▸ EXERCISE BRIEF
When you find the line with "using finite_subset[OF sub F(1)] by auto" among the records below, reproduce it and each line after it exactly, ending with the line with "(?W \<union> chord_end".

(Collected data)
◇ ◇ ◇ ◇

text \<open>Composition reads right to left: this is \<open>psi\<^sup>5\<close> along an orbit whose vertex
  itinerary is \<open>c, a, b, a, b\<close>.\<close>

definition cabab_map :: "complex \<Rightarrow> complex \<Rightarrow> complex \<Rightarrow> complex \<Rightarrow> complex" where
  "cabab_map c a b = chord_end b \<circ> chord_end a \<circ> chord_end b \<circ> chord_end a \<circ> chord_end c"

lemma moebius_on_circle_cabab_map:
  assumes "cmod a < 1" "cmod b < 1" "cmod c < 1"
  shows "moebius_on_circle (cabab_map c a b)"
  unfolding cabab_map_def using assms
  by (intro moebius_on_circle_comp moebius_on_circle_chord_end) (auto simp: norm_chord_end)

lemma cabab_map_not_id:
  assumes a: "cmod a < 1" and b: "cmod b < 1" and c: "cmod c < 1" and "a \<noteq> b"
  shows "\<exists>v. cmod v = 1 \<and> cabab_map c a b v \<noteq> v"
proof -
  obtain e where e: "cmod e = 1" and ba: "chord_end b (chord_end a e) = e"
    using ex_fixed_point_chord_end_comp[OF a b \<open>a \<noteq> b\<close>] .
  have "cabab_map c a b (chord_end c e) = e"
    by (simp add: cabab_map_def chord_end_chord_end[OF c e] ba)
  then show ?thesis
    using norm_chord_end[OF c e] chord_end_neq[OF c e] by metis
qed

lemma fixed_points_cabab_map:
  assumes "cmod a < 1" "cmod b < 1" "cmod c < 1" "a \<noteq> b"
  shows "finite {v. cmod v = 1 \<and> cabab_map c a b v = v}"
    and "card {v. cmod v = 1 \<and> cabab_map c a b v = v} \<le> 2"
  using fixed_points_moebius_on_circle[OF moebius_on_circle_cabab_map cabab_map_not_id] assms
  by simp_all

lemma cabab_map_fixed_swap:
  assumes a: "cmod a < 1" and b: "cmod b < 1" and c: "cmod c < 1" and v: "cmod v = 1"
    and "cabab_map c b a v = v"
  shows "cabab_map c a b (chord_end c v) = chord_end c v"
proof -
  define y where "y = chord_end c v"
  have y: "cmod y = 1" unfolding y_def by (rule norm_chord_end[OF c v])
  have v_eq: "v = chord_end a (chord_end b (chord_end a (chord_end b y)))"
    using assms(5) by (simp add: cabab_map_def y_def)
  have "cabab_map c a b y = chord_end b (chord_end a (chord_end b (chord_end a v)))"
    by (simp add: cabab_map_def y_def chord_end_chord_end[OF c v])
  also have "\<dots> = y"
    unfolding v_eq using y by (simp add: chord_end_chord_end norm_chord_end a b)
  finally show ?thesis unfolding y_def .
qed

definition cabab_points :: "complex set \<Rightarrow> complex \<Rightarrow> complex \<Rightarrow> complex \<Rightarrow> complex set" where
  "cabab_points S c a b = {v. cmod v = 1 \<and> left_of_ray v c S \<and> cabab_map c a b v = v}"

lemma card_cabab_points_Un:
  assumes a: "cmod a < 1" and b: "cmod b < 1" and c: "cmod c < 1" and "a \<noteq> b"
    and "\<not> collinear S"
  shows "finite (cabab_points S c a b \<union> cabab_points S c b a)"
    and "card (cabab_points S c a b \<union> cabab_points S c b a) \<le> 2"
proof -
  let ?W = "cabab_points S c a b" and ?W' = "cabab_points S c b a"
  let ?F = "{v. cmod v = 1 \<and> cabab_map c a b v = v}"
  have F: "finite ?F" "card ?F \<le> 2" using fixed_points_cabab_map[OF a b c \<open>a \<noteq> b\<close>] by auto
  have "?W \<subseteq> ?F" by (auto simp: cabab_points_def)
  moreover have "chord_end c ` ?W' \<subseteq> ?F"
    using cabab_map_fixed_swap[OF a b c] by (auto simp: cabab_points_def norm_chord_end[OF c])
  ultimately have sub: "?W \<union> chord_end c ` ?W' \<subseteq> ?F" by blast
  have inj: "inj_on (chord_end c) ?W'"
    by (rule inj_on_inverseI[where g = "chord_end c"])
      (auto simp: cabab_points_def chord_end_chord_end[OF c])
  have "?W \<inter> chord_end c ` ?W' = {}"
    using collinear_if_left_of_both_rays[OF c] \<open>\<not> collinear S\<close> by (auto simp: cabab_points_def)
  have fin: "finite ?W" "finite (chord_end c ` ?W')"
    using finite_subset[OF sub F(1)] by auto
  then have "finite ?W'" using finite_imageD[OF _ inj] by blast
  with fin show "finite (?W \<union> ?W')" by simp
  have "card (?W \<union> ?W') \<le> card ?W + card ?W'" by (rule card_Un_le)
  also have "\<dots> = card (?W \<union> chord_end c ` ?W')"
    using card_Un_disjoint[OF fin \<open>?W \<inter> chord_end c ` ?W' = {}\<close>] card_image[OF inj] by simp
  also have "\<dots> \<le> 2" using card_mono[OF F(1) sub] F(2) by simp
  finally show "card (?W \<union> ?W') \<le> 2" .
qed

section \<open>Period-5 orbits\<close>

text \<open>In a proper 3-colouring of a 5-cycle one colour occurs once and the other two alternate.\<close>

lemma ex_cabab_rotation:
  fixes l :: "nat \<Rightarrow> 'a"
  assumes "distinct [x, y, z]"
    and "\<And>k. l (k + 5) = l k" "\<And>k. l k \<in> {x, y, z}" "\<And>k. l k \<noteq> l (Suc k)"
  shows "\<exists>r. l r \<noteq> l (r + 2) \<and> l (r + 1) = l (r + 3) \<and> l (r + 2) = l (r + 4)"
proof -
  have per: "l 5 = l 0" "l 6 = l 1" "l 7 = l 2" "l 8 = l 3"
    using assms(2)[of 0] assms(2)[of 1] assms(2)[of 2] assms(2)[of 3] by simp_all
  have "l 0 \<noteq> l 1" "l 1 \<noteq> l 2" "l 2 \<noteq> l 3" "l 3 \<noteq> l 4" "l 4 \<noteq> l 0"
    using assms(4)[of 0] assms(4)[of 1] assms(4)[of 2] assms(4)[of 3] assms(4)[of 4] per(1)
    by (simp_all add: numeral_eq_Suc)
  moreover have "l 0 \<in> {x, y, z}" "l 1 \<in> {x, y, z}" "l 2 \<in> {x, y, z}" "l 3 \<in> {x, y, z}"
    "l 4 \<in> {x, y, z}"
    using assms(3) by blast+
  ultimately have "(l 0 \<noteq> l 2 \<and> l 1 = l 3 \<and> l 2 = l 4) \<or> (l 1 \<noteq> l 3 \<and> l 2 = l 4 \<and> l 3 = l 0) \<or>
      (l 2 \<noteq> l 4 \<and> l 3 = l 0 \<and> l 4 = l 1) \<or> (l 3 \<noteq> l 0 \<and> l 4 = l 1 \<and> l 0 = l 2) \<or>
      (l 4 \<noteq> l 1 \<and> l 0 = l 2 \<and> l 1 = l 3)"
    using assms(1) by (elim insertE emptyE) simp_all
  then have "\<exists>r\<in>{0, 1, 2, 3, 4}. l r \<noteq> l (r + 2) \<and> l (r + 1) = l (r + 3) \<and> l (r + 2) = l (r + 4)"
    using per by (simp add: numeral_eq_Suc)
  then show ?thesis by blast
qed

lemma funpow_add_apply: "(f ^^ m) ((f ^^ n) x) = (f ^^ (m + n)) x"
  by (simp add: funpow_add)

◇ ◇ ◇ ◇

▸ TASK OUTPUT
    using finite_subset[OF sub F(1)] by auto
  then have "finite ?W'" using finite_imageD[OF _ inj] by blast
  with fin show "finite (?W \<union> ?W')" by simp
  have "card (?W \<union> ?W') \<le> card ?W + card ?W'" by (rule card_Un_le)
  also have "\<dots> = card (?W \<union> chord_end c ` ?W')"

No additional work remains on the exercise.